» **RAW DATA**

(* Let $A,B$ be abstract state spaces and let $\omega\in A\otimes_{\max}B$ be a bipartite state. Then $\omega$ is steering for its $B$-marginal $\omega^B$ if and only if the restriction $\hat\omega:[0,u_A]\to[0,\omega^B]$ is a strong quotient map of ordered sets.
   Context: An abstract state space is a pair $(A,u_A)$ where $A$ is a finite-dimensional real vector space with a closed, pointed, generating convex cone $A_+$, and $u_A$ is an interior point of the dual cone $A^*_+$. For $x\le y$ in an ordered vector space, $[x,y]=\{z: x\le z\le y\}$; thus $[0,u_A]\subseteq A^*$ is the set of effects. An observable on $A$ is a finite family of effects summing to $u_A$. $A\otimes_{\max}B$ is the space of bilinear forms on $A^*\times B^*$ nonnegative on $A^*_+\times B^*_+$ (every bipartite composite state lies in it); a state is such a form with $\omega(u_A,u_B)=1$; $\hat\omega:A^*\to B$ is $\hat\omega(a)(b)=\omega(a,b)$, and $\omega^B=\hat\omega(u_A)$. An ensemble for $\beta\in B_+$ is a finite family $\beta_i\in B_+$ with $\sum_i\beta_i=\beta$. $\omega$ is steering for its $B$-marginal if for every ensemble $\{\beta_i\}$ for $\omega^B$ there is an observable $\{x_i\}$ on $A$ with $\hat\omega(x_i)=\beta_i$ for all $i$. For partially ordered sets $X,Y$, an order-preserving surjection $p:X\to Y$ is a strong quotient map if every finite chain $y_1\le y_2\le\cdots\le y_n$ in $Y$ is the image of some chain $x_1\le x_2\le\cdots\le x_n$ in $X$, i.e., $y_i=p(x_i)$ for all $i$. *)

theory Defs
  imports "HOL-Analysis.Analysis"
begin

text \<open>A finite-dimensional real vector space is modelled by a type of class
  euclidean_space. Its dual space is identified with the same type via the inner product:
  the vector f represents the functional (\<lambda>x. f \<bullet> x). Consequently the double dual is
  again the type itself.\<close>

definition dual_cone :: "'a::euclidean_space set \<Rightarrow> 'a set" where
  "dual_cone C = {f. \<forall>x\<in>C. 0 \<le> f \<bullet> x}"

» **ACTIVITY**
Set down only the lines above that fall between the line holding "euclidean_space. Its dual" and the line holding "set \<Rightarrow> 'a", inclusive, keeping each exact.

» **ANSWER AREA**
  euclidean_space. Its dual space is identified with the same type via the inner product:
  the vector f represents the functional (\<lambda>x. f \<bullet> x). Consequently the double dual is
  again the type itself.\<close>

definition dual_cone :: "'a::euclidean_space set \<Rightarrow> 'a set" where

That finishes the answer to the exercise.